‘The Kalahari will die before us…’

Posted on 02 December 2011 by admin

By Joseph Bushby – Winelands Echo*

Isak and Toppies Kruiper at COP 17

Isak Kruiper fears his generation will outlive its home in the Kalahari desert. Credit: Ramatamo wa Matamong/TerraViva

DURBAN, Dec 2 — (TerraViva) Isak and Toppies Kruiper have made their way across the country with a message, travelling all the way from their home in the Kalahari Desert of South Africa’s Northern Cape Province to the United Nations Climate Conference taking place in the port city of Durban on the eastern coast.

The two men have come to the 17th Conference of Parties (COP 17) following in the footsteps of David Kruiper, the late headman of the Bushmen, who worked throughout his life to defend the rights and way of life of his people.

Jy weet, ek was gebore in die Kalahari,” says Isak Kruiper. “I was born and bred in the Kalahari. I love the Kalahari and would like to someday die in the Kalahari. But what is busy happening now, it looks to me that the Kalahari will die before us. And that is the reason why we are here at COP17.”

The two men spoke to TerraViva outside Durban’s International Convention Centre, slightly awed by their surroundings but determined to get their message across.

“We don’t know all the fancy technology of today we are just ordinary people who wants ordinary things. Look after our kids and the Kalahari,” Kruiper continued.

“The Kalahari, where we stay, is hot and dry and getting increasingly hotter and dryer by the day. The natural resources that we had, like the vegetation, are dying out due to the very little rain and this makes food scarce for the wild (animals), so they move further and further away from us. You know we cannot jump over the fences but they can.”

According to a report from the U.N. Permanent Forum on Indigenous Issues, rising temperatures, dune expansion and increased wind speeds results in the loss of vegetation and impacts on traditional cattle and goat farming practices.

The Bushmen are in many cases forced to live near boreholes drilled by the government, dependent on these for water.

Global warming is also causing similar problems elsewhere – in the Namib Desert, indigenous people are struggling to make a living. Far away in Asia, herders in Mongolia are enduring winters with temperatures more than 30 degrees below zero, killing off livestock and driving them to settle in towns.

Back in the Kalahari, Isak Kruiper fears for his way of life. “It becomes impossible to transfer our indigenous knowledge to our kids, because we must always look for something to eat. We want the government and every concerned group to please listen and help us.”
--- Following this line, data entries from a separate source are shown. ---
lemma kern_deriv:
  assumes d: "\<delta> > 0" and a: "a \<le> -\<delta>/2" and s: "s > a"
    and nj: "k > 0 \<or> s / \<delta> + 1/2 \<notin> \<int>"
  shows "(kern a \<delta> (Suc k) has_real_derivative kern a \<delta> k s) (at s)"
proof -
  have "isCont (kern a \<delta> k) s"
  proof (cases k)
    case 0
    then show ?thesis using nj Dd_isCont[OF d] by simp
  next
    case (Suc j)
    show ?thesis
      using continuous_on_interior[OF kern_continuous[OF d a, of "s+1" j]] s Suc by simp
  qed
  then show ?thesis using prim_deriv[OF kern_integrable[OF d a] s] by simp
qed

section \<open>Integration by parts along \<open>\<theta> \<mapsto> r cos \<theta>\<close>\<close>

definition primitive_on :: "real \<Rightarrow> (real \<Rightarrow> real) \<Rightarrow> (real \<Rightarrow> real) \<Rightarrow> bool" where
  "primitive_on r L K \<longleftrightarrow> continuous_on {-r..r} L \<and>
     (\<exists>T. finite T \<and> (\<forall>s\<in>{-r..r} - T. (L has_real_derivative K s) (at s)))"

lemma cos_scaled_range:
  fixes r :: real
  assumes "r > 0"
  shows "r * cos \<theta> \<in> {-r..r}"
proof -
  have "\<bar>r * cos \<theta>\<bar> \<le> r"
    using mult_left_mono[OF abs_cos_le_one[of \<theta>], of r] assms by (simp add: abs_mult)
  then show ?thesis by (auto simp: abs_le_iff)
qed

lemma primitive_on_continuous_comp:
  assumes "r > 0" "primitive_on r L K"
  shows "continuous_on S (\<lambda>\<theta>. L (r * cos \<theta>))"
proof -
  have L: "continuous_on {-r..r} L" using assms(2) unfolding primitive_on_def by blast
  have sub: "(\<lambda>\<theta>. r * cos \<theta>) ` S \<subseteq> {-r..r}" using cos_scaled_range[OF assms(1)] by blast
  show ?thesis by (rule continuous_on_compose2[OF L _ sub]) (intro continuous_intros)
qed

text \<open>The key identity behind every estimate: \<open>g sin \<theta> K(r cos \<theta>) = -(g L(r cos \<theta>))'/r + g' L(r cos \<theta>)/r\<close>.\<close>
lemma ibp_along_cos:
  fixes K L g g' :: "real \<Rightarrow> real"
  assumes r: "r > 0" and ab: "0 \<le> \<alpha>" "\<alpha> \<le> \<beta>" "\<beta> \<le> pi" and LK: "primitive_on r L K"
    and gd: "\<And>\<theta>. \<theta> \<in> {\<alpha>..\<beta>} \<Longrightarrow> (g has_real_derivative g' \<theta>) (at \<theta>)"
    and gc: "continuous_on {\<alpha>..\<beta>} g'"
  shows "((\<lambda>\<theta>. g \<theta> * sin \<theta> * K (r * cos \<theta>)) has_integral
          (g \<alpha> * L (r * cos \<alpha>) - g \<beta> * L (r * cos \<beta>)
           + integral {\<alpha>..\<beta>} (\<lambda>\<theta>. g' \<theta> * L (r * cos \<theta>))) / r) {\<alpha>..\<beta>}"
proof -
  obtain T where T: "finite T" and LK': "\<And>s. s \<in> {-r..r} - T \<Longrightarrow> (L has_real_derivative K s) (at s)"
    using LK unfolding primitive_on_def by blast
  have cL: "continuous_on {\<alpha>..\<beta>} (\<lambda>\<theta>. L (r * cos \<theta>))"
    by (rule primitive_on_continuous_comp[OF r LK])
  have cg: "continuous_on {\<alpha>..\<beta>} g"
    by (rule DERIV_continuous_on) (use gd in \<open>auto intro: has_field_derivative_at_within\<close>)
  \<comment> \<open>Only finitely many \<open>\<theta>\<close> are mapped into \<open>T\<close>, as \<open>cos\<close> is injective on \<open>[0, \<pi>]\<close>.\<close>
  define S where "S = (\<lambda>\<theta>. r * cos \<theta>) -` T \<inter> {\<alpha>..\<beta>}"
  have "inj_on (\<lambda>\<theta>. r * cos \<theta>) {\<alpha>..\<beta>}"
    by (rule inj_onI) (use r ab cos_inj_pi in auto)
  then have S: "finite S" unfolding S_def by (rule finite_vimage_IntI[OF T])
  define \<phi>' where "\<phi>' \<theta> = g' \<theta> * L (r * cos \<theta>) - r * (g \<theta> * sin \<theta> * K (r * cos \<theta>))" for \<theta>
  have "((\<lambda>\<theta>. g \<theta> * L (r * cos \<theta>)) has_vector_derivative \<phi>' \<theta>) (at \<theta>)"
    if "\<theta> \<in> {\<alpha><..<\<beta>} - S" for \<theta>
  proof -
    have "r * cos \<theta> \<in> {-r..r} - T" using that cos_scaled_range[OF r] unfolding S_def by auto
    then have "((\<lambda>\<theta>. L (r * cos \<theta>)) has_real_derivative K (r * cos \<theta>) * - (r * sin \<theta>)) (at \<theta>)"
      by (intro DERIV_chain2[OF LK']) (auto intro!: derivative_eq_intros)
    moreover have "(g has_real_derivative g' \<theta>) (at \<theta>)" using that by (intro gd) auto
    ultimately have "((\<lambda>\<theta>. g \<theta> * L (r * cos \<theta>)) has_real_derivative
        g \<theta> * (K (r * cos \<theta>) * - (r * sin \<theta>)) + g' \<theta> * L (r * cos \<theta>)) (at \<theta>)"
      by (intro DERIV_mult')
    then have "((\<lambda>\<theta>. g \<theta> * L (r * cos \<theta>)) has_real_derivative \<phi>' \<theta>) (at \<theta>)"
      by (rule DERIV_cong) (simp add: \<phi>'_def algebra_simps)
    then show ?thesis by (simp add: has_real_derivative_iff_has_vector_derivative)
  qed
  then have "(\<phi>' has_integral (g \<beta> * L (r * cos \<beta>) - g \<alpha> * L (r * cos \<alpha>))) {\<alpha>..\<beta>}"
    by (intro fundamental_theorem_of_calculus_interior_strong[OF S ab(2)])
       (auto intro!: continuous_intros cg cL)
  moreover have "((\<lambda>\<theta>. g' \<theta> * L (r * cos \<theta>)) has_integral
      integral {\<alpha>..\<beta>} (\<lambda>\<theta>. g' \<theta> * L (r * cos \<theta>))) {\<alpha>..\<beta>}"
    by (intro integrable_integral integrable_continuous_real continuous_intros gc cL)
  ultimately have "((\<lambda>\<theta>. (-1/r) * (\<phi>' \<theta> - g' \<theta> * L (r * cos \<theta>))) has_integral
      (-1/r) * ((g \<beta> * L (r * cos \<beta>) - g \<alpha> * L (r * cos \<alpha>))
                - integral {\<alpha>..\<beta>} (\<lambda>\<theta>. g' \<theta> * L (r * cos \<theta>)))) {\<alpha>..\<beta>}"
    by (intro has_integral_mult_right has_integral_diff)
  moreover have "(\<lambda>\<theta>. (-1/r) * (\<phi>' \<theta> - g' \<theta> * L (r * cos \<theta>)))
      = (\<lambda>\<theta>. g \<theta> * sin \<theta> * K (r * cos \<theta>))"
    using r by (auto simp: \<phi>'_def field_simps)
  moreover have "(-1/r) * ((g \<beta> * L (r * cos \<beta>) - g \<alpha> * L (r * cos \<alpha>))
        - integral {\<alpha>..\<beta>} (\<lambda>\<theta>. g' \<theta> * L (r * cos \<theta>)))
      = (g \<alpha> * L (r * cos \<alpha>) - g \<beta> * L (r * cos \<beta>)
         + integral {\<alpha>..\<beta>} (\<lambda>\<theta>. g' \<theta> * L (r * cos \<theta>))) / r"
    using r by (simp add: field_simps)
  ultimately show ?thesis by simp
qed

lemma ibp_along_cos_vanishing:
  fixes K L g g' :: "real \<Rightarrow> real"
  assumes r: "r > 0" and LK: "primitive_on r L K"
    and gd: "\<And>\<theta>. (g has_real_derivative g' \<theta>) (at \<theta>)" and gc: "continuous_on {0..pi} g'"
    and "g 0 = 0" "g pi = 0"
  shows "integral {0..pi} (\<lambda>\<theta>. g \<theta> * sin \<theta> * K (r * cos \<theta>))
       = integral {0..pi} (\<lambda>\<theta>. g' \<theta> * L (r * cos \<theta>)) / r"
proof -
  have "((\<lambda>\<theta>. g \<theta> * sin \<theta> * K (r * cos \<theta>)) has_integral
      (g 0 * L (r * cos 0) - g pi * L (r * cos pi)
       + integral {0..pi} (\<lambda>\<theta>. g' \<theta> * L (r * cos \<theta>))) / r) {0..pi}"
    by (rule ibp_along_cos[OF r order_refl pi_ge_zero order_refl LK gd gc])
  then show ?thesis using assms(5,6) by (simp add: integral_unique)
qed

section \<open>The moments and their recurrences\<close>

definition sin_moment :: "real \<Rightarrow> (real \<Rightarrow> real) \<Rightarrow> nat \<Rightarrow> real" where
  "sin_moment r K n = integral {0..pi} (\<lambda>\<theta>. sin \<theta> ^ n * K (r * cos \<theta>))"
Met armoede gaan ons te gronde,” said Kruiper.  “Any help to the San communities would be welcome and appreciated.”

* Community media coverage of COP 17 is being supported by the Media Development & Diversity Agency of South Africa, which is promoting the participation of local journalists through a programme of training and reporting on climate change.



2 Comments For This Post

  1. Nolan Says:

    Yes, Mr Kruiper there are numerous socio economic problems in Platfontein where more than 6000 souls live with the reality that 90% are unemployed. Col Fanie De Villiers indicates that the South African San Institute is doing their best for the community in social upliftment. The shame is that millions of Western Cape San are in denial of their heritage. It is a shame that you are forgotten by your own in the Western Cape.
    IBM in the early 70′s based social intelligence methods for computer cloud computing on the communicating methods of the San communities. The global community today benefits because of research done in earlier San communities. We salute your past leaders Mario Mahongo, Kamamma Mukua, Matokka Matheus and Antonio Saboa. For a bushman, like myself, I find joy in global skywalking through the levels of time, grounded in San culture.
    Mr Kruiper, with globalisation the future for a misguided Western Cape community lies in reaching to our ancient culture that exist amongst your people. We salute you in promoting biodiversity and environmental issues.

  2. Patrick Says:

    The recognition of minorities is long overdue. The fact that this issue had to be rise at a conference of this nature is a tad dissapointing. Society are so caught up in there survival mode, they forget about the poor and previously marginalised. The writer did well to highlight this matter for the umpteeth time.